Goal is to provide transparency to help consumers shop for hospitals; experts predict more transparency in healthcare prices, including for clinical laboratory and pathology testing
For the first time ever, a federal agency has posted on the Internet the prices hospitals charge for healthcare services specifically to help consumers price shop when they select a hospital. This is a major development and has direct implications for clinical laboratories and pathology groups that are based in hospitals and health systems.
On May 8th, the U.S. Department of Health and Human Services announced the availability of hospital-specific cost data for inpatient services at 3,000 hospitals. The data are now available on the Medicare Website.
Will Medical Laboratory and Pathology Prices Be Next to Go on Internet?
This is the latest step forward on the march toward full transparency in the prices and outcomes of individual hospitals, physicians, and other providers, including medical laboratories. It is also another early warning to pathologists and clinical laboratory managers that they would be well-served to prepare for the day when the majority of consumers will expect labs and pathology groups to make lab test prices easy to find and understand.
“When consumers can easily compare the price of goods and services, producers have a strong incentive to keep prices low,” said HHS Secretary Kathleen Sebelius in announcing publication of the hospital cost data, noted an article published in The Salt Lake Tribune. “Hospitals that charge two or three times the going rate will rightfully face scrutiny, and those that charge lower rates may gain more customers,” she added, noting that higher prices do not necessarily buy higher quality of care.
Hospital Prices Developed from Medicare Cost Data
Some healthcare experts were quick to point out that this hospital price data has little value for consumers already covered by a health insurance policy. That’s because the prices posted on the Internet by HSS are largely the maximum price point from which hospitals negotiate discounts with government health programs and private health insurers, pointed out The Tribune.
However, for patients who may need to pay cash and for patients with high-deductible health plans, access to hospital prices in advance of treatment is expected to help them negotiate more favorable rates. In turn, this would help to hold down the cost of healthcare.
“If you’re in the ambulance on the way to the emergency room, you’re not going to call around and see who has the best rates,” pointed out Devon M. Herrick, Ph.D., Healthcare Policy Analyst and Economist at Dallas-based National Center for Policy Analysis, in the The Tribune story. “But if your doctor orders a CT scan or a [clinical] lab test, and you find out that you can maybe get it somewhere cheaper, we know that a lot of people will get on the phone and call around.”

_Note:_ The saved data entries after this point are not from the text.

lemma perturbed_excess_le:
  assumes "(\<bar>xb\<bar> + 1) / max_active_slope < \<kappa>"
  obtains \<epsilon> where "0 < \<epsilon>"
    "\<And>\<rho> a' b' z. \<rho> < \<epsilon> \<Longrightarrow> (\<And>t. \<bar>a' t - a t\<bar> \<le> \<rho> \<and> \<bar>b' t - b t\<bar> \<le> \<rho>)
      \<Longrightarrow> (\<And>t. a' t * z \<le> b' t) \<Longrightarrow> z - xb \<le> \<kappa> * \<rho>"
proof -
  let ?M = max_active_slope
  obtain s where s: "a s * xb = b s" "a s = ?M" using exists_active_max by blast
  have "0 < (\<bar>xb\<bar> + 1) / ?M" using max_active_slope_pos by simp
  then have "0 < \<kappa>" using assms by linarith
  define Q where "Q = (\<bar>xb\<bar> + 1) / \<kappa>"
  have Q: "0 < Q" "Q < ?M"
    using \<open>0 < \<kappa>\<close> assms max_active_slope_pos by (simp_all add: Q_def field_simps)
  show thesis
  proof (rule that)
    show "0 < ?M - Q" using Q by simp
    fix \<rho> a' b' z
    assume \<rho>: "\<rho> < ?M - Q" and close: "\<And>t. \<bar>a' t - a t\<bar> \<le> \<rho> \<and> \<bar>b' t - b t\<bar> \<le> \<rho>"
      and feasible: "\<And>t. a' t * z \<le> b' t"
    have "0 \<le> \<rho>" using close[of s] by linarith
    show "z - xb \<le> \<kappa> * \<rho>"
    proof (cases "z \<le> xb")
      case True
      then show ?thesis using mult_nonneg_nonneg[OF less_imp_le[OF \<open>0 < \<kappa>\<close>] \<open>0 \<le> \<rho>\<close>] by linarith
    next
      case False
      have "Q < a' s" using close[of s] s(2) \<rho> by linarith
      then have "Q * (z - xb) \<le> a' s * (z - xb)" using False by (intro mult_right_mono) auto
      also have "\<dots> \<le> (b' s - b s) + (a s - a' s) * xb" using feasible[of s] s(1) by (simp add: algebra_simps)
      also have "\<dots> \<le> \<rho> + \<bar>a s - a' s\<bar> * \<bar>xb\<bar>"
        using abs_le_D1[OF conjunct2[OF close[of s]]] abs_ge_self[of "(a s - a' s) * xb"]
        unfolding abs_mult[symmetric] by linarith
      also have "\<dots> \<le> \<rho> + \<rho> * \<bar>xb\<bar>"
        using close[of s] by (simp add: mult_right_mono abs_minus_commute)
      also have "\<dots> = Q * (\<kappa> * \<rho>)" using \<open>0 < \<kappa>\<close> by (simp add: Q_def field_simps)
      finally show ?thesis using Q(1) by simp
    qed
  qed
qed

definition endpoint_shift :: "real \<Rightarrow> real" where
  "endpoint_shift \<rho> = \<rho> * (\<bar>xb\<bar> + 1) / (max_active_slope + \<rho>)"

lemma eventually_endpoint_shift:
  assumes "\<kappa> < (\<bar>xb\<bar> + 1) / max_active_slope"
  shows "\<forall>\<^sub>F \<rho> in at_right 0. \<kappa> * \<rho> < endpoint_shift \<rho> \<and>
    (\<forall>t. a t * xb \<noteq> b t \<longrightarrow> a t * (xb + endpoint_shift \<rho>) \<le> b t)"
proof -
  let ?M = max_active_slope
  have "(endpoint_shift \<longlongrightarrow> 0) (at_right 0)"
    unfolding endpoint_shift_def using max_active_slope_pos by (auto intro!: tendsto_eq_intros)
  then have "((\<lambda>\<rho>. xb + endpoint_shift \<rho>) \<longlongrightarrow> xb) (at_right 0)"
    using tendsto_add[OF tendsto_const] by fastforce
  then have inactive: "\<forall>\<^sub>F \<rho> in at_right 0.
      \<forall>t. a t * xb \<noteq> b t \<longrightarrow> a t * (xb + endpoint_shift \<rho>) \<le> b t"
    by (rule eventually_compose_filterlim[OF eventually_inactive_feasible])
  have "((\<lambda>\<rho>. \<kappa> * (?M + \<rho>)) \<longlongrightarrow> \<kappa> * ?M) (at_right 0)"
    by (auto intro!: tendsto_eq_intros)
  then have small: "\<forall>\<^sub>F \<rho> in at_right 0. \<kappa> * (?M + \<rho>) < \<bar>xb\<bar> + 1"
    using assms max_active_slope_pos by (intro order_tendstoD(2)) (auto simp: field_simps)
  have shift_gt: "\<kappa> * \<rho> < endpoint_shift \<rho>" if "0 < \<rho>" "\<kappa> * (?M + \<rho>) < \<bar>xb\<bar> + 1" for \<rho>
  proof -
    have "\<kappa> * \<rho> * (?M + \<rho>) < \<rho> * (\<bar>xb\<bar> + 1)"
      using mult_strict_left_mono[OF that(2,1)] by (simp add: algebra_simps)
    then show ?thesis using that(1) max_active_slope_pos by (simp add: endpoint_shift_def field_simps)
  qed
  from inactive small eventually_at_right_less show ?thesis
    by eventually_elim (simp add: shift_gt)
qed

lemma tilted_endpoint_feasible:
  assumes "0 \<le> \<rho>" "a t * xb \<noteq> b t \<Longrightarrow> a t * (xb + endpoint_shift \<rho>) \<le> b t"
  shows "(if a t * xb = b t then a t - \<rho> * sgn xb else a t) * (xb + endpoint_shift \<rho>)
    \<le> (if a t * xb = b t then b t + \<rho> else b t)"
proof (cases "a t * xb = b t")
  case True
  have M\<rho>: "0 < max_active_slope + \<rho>" using assms(1) max_active_slope_pos by simp
  have "a t - \<rho> * sgn xb \<le> max_active_slope + \<rho>"
    using active_slope_le[OF True] assms(1) by (auto simp: sgn_if)
  then have "(a t - \<rho> * sgn xb) * endpoint_shift \<rho> \<le> (max_active_slope + \<rho>) * endpoint_shift \<rho>"
    using assms(1) M\<rho> by (intro mult_right_mono) (simp_all add: endpoint_shift_def)
  moreover have "(max_active_slope + \<rho>) * endpoint_shift \<rho> = \<rho> * (\<bar>xb\<bar> + 1)"
    using M\<rho> by (simp add: endpoint_shift_def)
  moreover have "sgn xb * xb = \<bar>xb\<bar>" by (simp add: sgn_if)
  ultimately show ?thesis using True by (simp add: algebra_simps)
qed (simp add: assms(2))

lemma perturbed_excess_gt:
  assumes "\<kappa> < (\<bar>xb\<bar> + 1) / max_active_slope" "0 < \<epsilon>"
  obtains \<rho> a' b' z where "\<rho> < \<epsilon>" "\<And>t. \<bar>a' t - a t\<bar> \<le> \<rho> \<and> \<bar>b' t - b t\<bar> \<le> \<rho>"
    "\<And>t. a' t * z \<le> b' t" "\<kappa> * \<rho> < z - xb"
proof -
  have "\<forall>\<^sub>F \<rho> in at_right 0. \<rho> < \<epsilon>" using assms(2) by (intro order_tendstoD(2)) auto
  with eventually_endpoint_shift[OF assms(1)] eventually_at_right_less
  have "\<forall>\<^sub>F \<rho> in at_right 0. 0 < \<rho> \<and> \<rho> < \<epsilon> \<and> \<kappa> * \<rho> < endpoint_shift \<rho> \<and>
      (\<forall>t. a t * xb \<noteq> b t \<longrightarrow> a t * (xb + endpoint_shift \<rho>) \<le> b t)"
    by eventually_elim simp
  then obtain \<rho> where "0 < \<rho>" "\<rho> < \<epsilon>" "\<kappa> * \<rho> < endpoint_shift \<rho>"
    and inactive: "\<And>t. a t * xb \<noteq> b t \<Longrightarrow> a t * (xb + endpoint_shift \<rho>) \<le> b t"
    using eventually_happens'[OF trivial_limit_at_right_real] by blast
  show thesis
  proof (rule that)
    show "\<bar>(if a t * xb = b t then a t - \<rho> * sgn xb else a t) - a t\<bar> \<le> \<rho> \<and>
      \<bar>(if a t * xb = b t then b t + \<rho> else b t) - b t\<bar> \<le> \<rho>" for t
      using \<open>0 < \<rho>\<close> by (auto simp: abs_mult abs_sgn_eq)
    show "(if a t * xb = b t then a t - \<rho> * sgn xb else a t) * (xb + endpoint_shift \<rho>)
      \<le> (if a t * xb = b t then b t + \<rho> else b t)" for t
      using \<open>0 < \<rho>\<close> inactive by (intro tilted_endpoint_feasible) auto
  qed (use \<open>\<rho> < \<epsilon>\<close> \<open>\<kappa> * \<rho> < endpoint_shift \<rho>\<close> in simp_all)
qed

end

lemma inner_one_dim:
  assumes "UNIV = {i0}"
  shows "u \<bullet> x = u $ i0 * x $ i0"
  unfolding inner_vec_def assms by simp

lemma is_norm_one_dim:
  assumes "is_norm N" "UNIV = {i0}"
  shows "N x = \<bar>x $ i0\<bar> * N (vec 1)"
proof -
  have "x = (x $ i0) *\<^sub>R vec 1" using assms(2) by (auto simp: vec_eq_iff)
  then show ?thesis by (metis assms(1) is_norm_scaleR)
qed

lemma is_norm_vec_one_pos:
  fixes N :: "real^'n \<Rightarrow> real"
  assumes "is_norm N"
  shows "0 < N (vec 1)"
proof -
  have "(vec 1 :: real^'n) \<noteq> 0" by (simp add: vec_eq_iff)
  then show ?thesis using is_norm_eq_0[OF assms] is_norm_nonneg[OF assms] by (metis order_less_le)
qed

lemma dual_norm_one_dim:
  assumes "is_norm N" "UNIV = {i0}"
  shows "dual_norm N u = \<bar>u $ i0\<bar> / N (vec 1)"
  unfolding dual_norm_def
proof (rule cSup_eq_maximum)
  let ?c = "N (vec 1)"
  have c: "0 < ?c" using is_norm_vec_one_pos[OF assms(1)] .
  have "N ((1 / ?c) *\<^sub>R vec 1) \<le> 1" using c by (simp add: is_norm_scaleR[OF assms(1)])
  moreover have "\<bar>u \<bullet> (1 / ?c) *\<^sub>R vec 1\<bar> = \<bar>u $ i0\<bar> / ?c"
    using c by (simp add: inner_one_dim[OF assms(2)] abs_mult)
  ultimately show "\<bar>u $ i0\<bar> / ?c \<in> {\<bar>u \<bullet> x\<bar> |x. N x \<le> 1}" by (metis (mono_tags, lifting) mem_Collect_eq)
  fix v assume "v \<in> {\<bar>u \<bullet> x\<bar> |x. N x \<le> 1}"
  then obtain x where x: "v = \<bar>u \<bullet> x\<bar>" "N x \<le> 1" by auto
  then have "\<bar>x $ i0\<bar> \<le> 1 / ?c" using c is_norm_one_dim[OF assms, of x] by (simp add: field_simps)
  then have "\<bar>u $ i0\<bar> * \<bar>x $ i0\<bar> \<le> \<bar>u $ i0\<bar> / ?c" by (simp add: mult_left_mono divide_inverse)
  then show "v \<le> \<bar>u $ i0\<bar> / ?c" using x(1) by (simp add: inner_one_dim[OF assms(2)] abs_mult)
qed

context
  fixes N :: "real^'n \<Rightarrow> real" and A0 :: "real^'n^'m::finite" and b0 :: "real^'m"
    and i0 :: 'n and c :: real and xbar :: "real^'n"
  assumes norm: "is_norm N" and one_dim: "UNIV = {i0}" and scale: "\<bar>c\<bar> = N (vec 1)"
    and halfline: "feas A0 b0 = {x. c * x $ i0 \<le> c * xbar $ i0}"
begin

lemma scale_nonzero: "c \<noteq> 0"
  using scale is_norm_vec_one_pos[OF norm] by auto

lemma inner_eq_slope_coord: "u \<bullet> x = (u $ i0 / c) * (c * x $ i0)"
  using scale_nonzero by (simp add: inner_one_dim[OF one_dim])

lemma norm_eq_coord: "N x = \<bar>c * x $ i0\<bar>"
  using is_norm_one_dim[OF norm one_dim, of x] scale by (simp add: abs_mult)

lemma dual_norm_eq_slope: "dual_norm N u = \<bar>u $ i0 / c\<bar>"
  by (simp add: dual_norm_one_dim[OF norm one_dim] scale)

lemma coord_of_scalar: "c * (vec (z / c) :: real^'n) $ i0 = z"
  using scale_nonzero by simp

interpretation lower_halfline "\<lambda>t. A0 $ t $ i0 / c" "\<lambda>t. b0 $ t" "c * xbar $ i0"
proof
  fix z
  have "(\<forall>t. A0 $ t $ i0 / c * z \<le> b0 $ t) \<longleftrightarrow> vec (z / c) \<in> feas A0 b0"
    using scale_nonzero by (simp add: feas_def inner_eq_slope_coord coord_of_scalar)
  also have "\<dots> \<longleftrightarrow> z \<le> c * xbar $ i0" using scale_nonzero by (simp add: halfline)
  finally show "(\<forall>t. A0 $ t $ i0 / c * z \<le> b0 $ t) \<longleftrightarrow> z \<le> c * xbar $ i0" .
qed

lemma ndist_halfline: "ndist N x (feas A0 b0) = ereal (max 0 (c * x $ i0 - c * xbar $ i0))"
proof (rule antisym)
  have dist_coord: "N (x - y) = \<bar>c * x $ i0 - c * y $ i0\<bar>" for y
    by (simp add: norm_eq_coord right_diff_distrib)
  show "ndist N x (feas A0 b0) \<le> ereal (max 0 (c * x $ i0 - c * xbar $ i0))"
  proof (cases "c * x $ i0 \<le> c * xbar $ i0")
    case True
    then have "ndist N x (feas A0 b0) \<le> ereal (N (x - x))" by (intro ndist_le) (simp add: halfline)
    also have "\<dots> \<le> ereal (max 0 (c * x $ i0 - c * xbar $ i0))" by (simp add: is_norm_zero[OF norm])
    finally show ?thesis .
  next
    case False
    have "ndist N x (feas A0 b0) \<le> ereal (N (x - xbar))" by (intro ndist_le) (simp add: halfline)
    also have "\<dots> = ereal (max 0 (c * x $ i0 - c * xbar $ i0))"
      using False unfolding dist_coord by (simp add: max_def)
    finally show ?thesis .
  qed
  show "ereal (max 0 (c * x $ i0 - c * xbar $ i0)) \<le> ndist N x (feas A0 b0)"
  proof (rule ndist_ge)
    fix \<omega> assume "\<omega> \<in> feas A0 b0"
    then have "c * \<omega> $ i0 \<le> c * xbar $ i0" by (simp add: halfline)
    then show "max 0 (c * x $ i0 - c * xbar $ i0) \<le> N (x - \<omega>)"
      unfolding dist_coord by linarith
  qed
qed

Pricing Variances at Independent Medical Labs vs. Hospital Labs
Insured patients with high copays and deductibles also could benefit by shopping around, especially for outpatient services like medical laboratory tests. Pamela Campbell, for example, learned the hard way. She was profiled in a story on CBS San Francisco.
Her six-year-old son needed a series of clinical laboratory tests. His pediatrician gave Campbell a choice between the medical laboratory at the University of California, San Francisco (UCSF) Children’s Hospital or an independent clinical laboratory a half-mile away. She decided on the hospital lab because it was convenient and the pediatrician said the staff is “great with kids.”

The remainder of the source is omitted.